● Exercise requirements
Every line containing "blast" should be copied out. Go through the entries and find them.

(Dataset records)
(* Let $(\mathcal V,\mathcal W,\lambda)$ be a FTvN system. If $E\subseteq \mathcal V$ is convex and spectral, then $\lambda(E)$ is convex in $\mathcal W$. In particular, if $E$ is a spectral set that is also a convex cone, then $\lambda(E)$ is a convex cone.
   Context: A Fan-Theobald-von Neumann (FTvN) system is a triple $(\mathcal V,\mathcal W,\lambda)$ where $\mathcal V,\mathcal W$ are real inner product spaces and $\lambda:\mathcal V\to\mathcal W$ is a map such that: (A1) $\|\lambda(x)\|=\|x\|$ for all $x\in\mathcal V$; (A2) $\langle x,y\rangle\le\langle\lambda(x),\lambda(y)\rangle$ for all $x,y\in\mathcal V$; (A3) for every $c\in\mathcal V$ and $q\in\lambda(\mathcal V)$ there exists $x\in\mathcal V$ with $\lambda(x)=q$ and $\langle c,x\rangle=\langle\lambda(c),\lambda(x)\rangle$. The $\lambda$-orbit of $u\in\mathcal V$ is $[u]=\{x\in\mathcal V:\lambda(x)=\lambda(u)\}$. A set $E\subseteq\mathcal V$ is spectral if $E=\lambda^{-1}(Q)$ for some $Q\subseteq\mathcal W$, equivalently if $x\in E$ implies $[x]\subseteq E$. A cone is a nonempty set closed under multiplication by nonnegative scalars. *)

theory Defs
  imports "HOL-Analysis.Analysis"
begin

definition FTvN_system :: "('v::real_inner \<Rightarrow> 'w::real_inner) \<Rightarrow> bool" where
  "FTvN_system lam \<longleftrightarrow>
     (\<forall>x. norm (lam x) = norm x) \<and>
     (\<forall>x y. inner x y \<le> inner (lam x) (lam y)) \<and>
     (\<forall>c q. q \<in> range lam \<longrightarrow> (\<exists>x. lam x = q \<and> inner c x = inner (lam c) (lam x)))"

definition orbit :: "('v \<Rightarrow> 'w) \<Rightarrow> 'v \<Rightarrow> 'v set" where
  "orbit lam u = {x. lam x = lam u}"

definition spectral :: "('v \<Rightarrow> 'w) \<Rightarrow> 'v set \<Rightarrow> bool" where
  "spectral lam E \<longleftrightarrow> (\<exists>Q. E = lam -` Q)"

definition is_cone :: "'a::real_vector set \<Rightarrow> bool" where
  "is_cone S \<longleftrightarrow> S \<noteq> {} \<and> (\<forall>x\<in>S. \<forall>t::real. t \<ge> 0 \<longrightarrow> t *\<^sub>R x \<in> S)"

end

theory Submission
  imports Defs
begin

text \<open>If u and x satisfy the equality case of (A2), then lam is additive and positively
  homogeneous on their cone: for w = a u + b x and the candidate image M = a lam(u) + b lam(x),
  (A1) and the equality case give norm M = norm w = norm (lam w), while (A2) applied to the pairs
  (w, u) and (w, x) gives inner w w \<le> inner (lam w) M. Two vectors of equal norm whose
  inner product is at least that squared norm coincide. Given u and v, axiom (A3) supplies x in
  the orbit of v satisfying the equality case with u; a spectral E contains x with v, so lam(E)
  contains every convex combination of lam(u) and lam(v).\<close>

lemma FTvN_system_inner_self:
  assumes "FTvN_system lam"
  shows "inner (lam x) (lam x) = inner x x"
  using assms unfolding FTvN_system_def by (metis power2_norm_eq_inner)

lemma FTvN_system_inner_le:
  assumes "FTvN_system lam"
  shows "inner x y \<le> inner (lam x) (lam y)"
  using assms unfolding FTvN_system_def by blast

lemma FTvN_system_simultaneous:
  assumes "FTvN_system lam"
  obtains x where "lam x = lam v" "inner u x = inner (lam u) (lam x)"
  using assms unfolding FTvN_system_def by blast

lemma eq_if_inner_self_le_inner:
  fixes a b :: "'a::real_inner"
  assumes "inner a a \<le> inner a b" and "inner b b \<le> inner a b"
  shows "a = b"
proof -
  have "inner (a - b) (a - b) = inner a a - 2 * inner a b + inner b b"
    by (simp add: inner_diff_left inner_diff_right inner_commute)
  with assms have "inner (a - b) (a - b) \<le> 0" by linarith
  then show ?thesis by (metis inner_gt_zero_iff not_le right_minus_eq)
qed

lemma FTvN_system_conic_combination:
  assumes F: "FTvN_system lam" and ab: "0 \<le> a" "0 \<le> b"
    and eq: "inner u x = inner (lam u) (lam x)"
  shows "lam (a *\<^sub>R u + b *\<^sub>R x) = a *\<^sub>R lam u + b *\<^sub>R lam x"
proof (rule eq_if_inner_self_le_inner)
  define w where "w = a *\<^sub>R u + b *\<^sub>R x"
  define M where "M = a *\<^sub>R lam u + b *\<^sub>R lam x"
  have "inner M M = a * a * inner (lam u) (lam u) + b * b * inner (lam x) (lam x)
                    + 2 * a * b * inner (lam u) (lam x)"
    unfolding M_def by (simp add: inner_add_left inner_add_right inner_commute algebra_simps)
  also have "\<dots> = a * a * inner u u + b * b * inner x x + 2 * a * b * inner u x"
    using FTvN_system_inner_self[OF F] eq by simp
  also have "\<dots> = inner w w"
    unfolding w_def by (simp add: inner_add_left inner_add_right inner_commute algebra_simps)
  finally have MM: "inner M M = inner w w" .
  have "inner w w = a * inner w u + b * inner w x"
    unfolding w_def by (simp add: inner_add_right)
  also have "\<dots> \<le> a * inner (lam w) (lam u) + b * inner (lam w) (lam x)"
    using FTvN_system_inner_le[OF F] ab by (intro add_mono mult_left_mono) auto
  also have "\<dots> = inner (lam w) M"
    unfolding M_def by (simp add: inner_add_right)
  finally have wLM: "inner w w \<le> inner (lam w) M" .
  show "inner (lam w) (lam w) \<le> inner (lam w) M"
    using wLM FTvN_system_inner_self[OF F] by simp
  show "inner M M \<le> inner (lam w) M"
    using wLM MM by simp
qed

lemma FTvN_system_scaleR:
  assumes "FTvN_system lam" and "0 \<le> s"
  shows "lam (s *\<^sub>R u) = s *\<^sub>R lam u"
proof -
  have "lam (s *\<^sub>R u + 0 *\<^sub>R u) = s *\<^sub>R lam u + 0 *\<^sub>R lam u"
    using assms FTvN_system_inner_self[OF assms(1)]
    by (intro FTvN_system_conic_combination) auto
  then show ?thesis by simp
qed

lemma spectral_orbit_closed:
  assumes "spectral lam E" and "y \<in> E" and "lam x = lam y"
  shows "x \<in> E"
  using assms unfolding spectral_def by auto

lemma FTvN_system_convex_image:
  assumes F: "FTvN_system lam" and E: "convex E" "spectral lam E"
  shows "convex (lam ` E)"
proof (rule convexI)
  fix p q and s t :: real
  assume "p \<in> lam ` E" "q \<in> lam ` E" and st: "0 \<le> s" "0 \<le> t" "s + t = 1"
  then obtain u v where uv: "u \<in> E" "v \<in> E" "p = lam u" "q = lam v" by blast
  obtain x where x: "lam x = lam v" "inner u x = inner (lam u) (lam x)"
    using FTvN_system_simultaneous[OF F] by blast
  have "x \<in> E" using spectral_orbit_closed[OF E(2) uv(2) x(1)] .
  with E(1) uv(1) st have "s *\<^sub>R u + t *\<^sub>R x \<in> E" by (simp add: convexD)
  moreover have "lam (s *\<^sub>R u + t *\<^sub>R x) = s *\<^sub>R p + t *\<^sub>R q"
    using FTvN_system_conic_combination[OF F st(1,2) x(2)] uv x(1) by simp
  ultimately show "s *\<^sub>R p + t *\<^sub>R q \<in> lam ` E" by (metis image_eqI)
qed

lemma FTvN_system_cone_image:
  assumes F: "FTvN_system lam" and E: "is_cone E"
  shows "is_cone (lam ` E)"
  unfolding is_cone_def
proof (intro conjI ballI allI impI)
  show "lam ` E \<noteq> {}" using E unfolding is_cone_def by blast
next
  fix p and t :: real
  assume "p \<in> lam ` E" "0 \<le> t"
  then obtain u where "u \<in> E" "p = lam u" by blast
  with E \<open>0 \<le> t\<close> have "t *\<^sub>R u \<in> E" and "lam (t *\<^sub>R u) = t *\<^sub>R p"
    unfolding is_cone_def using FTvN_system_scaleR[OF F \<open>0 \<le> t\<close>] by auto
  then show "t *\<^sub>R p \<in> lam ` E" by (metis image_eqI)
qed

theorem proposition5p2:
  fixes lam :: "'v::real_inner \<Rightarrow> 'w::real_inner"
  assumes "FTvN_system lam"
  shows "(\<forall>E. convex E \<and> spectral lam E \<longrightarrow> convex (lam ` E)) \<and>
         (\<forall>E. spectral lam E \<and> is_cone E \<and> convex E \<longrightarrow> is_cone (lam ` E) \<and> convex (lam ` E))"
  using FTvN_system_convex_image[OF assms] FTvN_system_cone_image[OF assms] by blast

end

● Solution below
  using assms unfolding FTvN_system_def by blast
  using assms unfolding FTvN_system_def by blast
  then obtain u v where uv: "u \<in> E" "v \<in> E" "p = lam u" "q = lam v" by blast
    using FTvN_system_simultaneous[OF F] by blast
  show "lam ` E \<noteq> {}" using E unfolding is_cone_def by blast
  then obtain u where "u \<in> E" "p = lam u" by blast
  using FTvN_system_convex_image[OF assms] FTvN_system_cone_image[OF assms] by blast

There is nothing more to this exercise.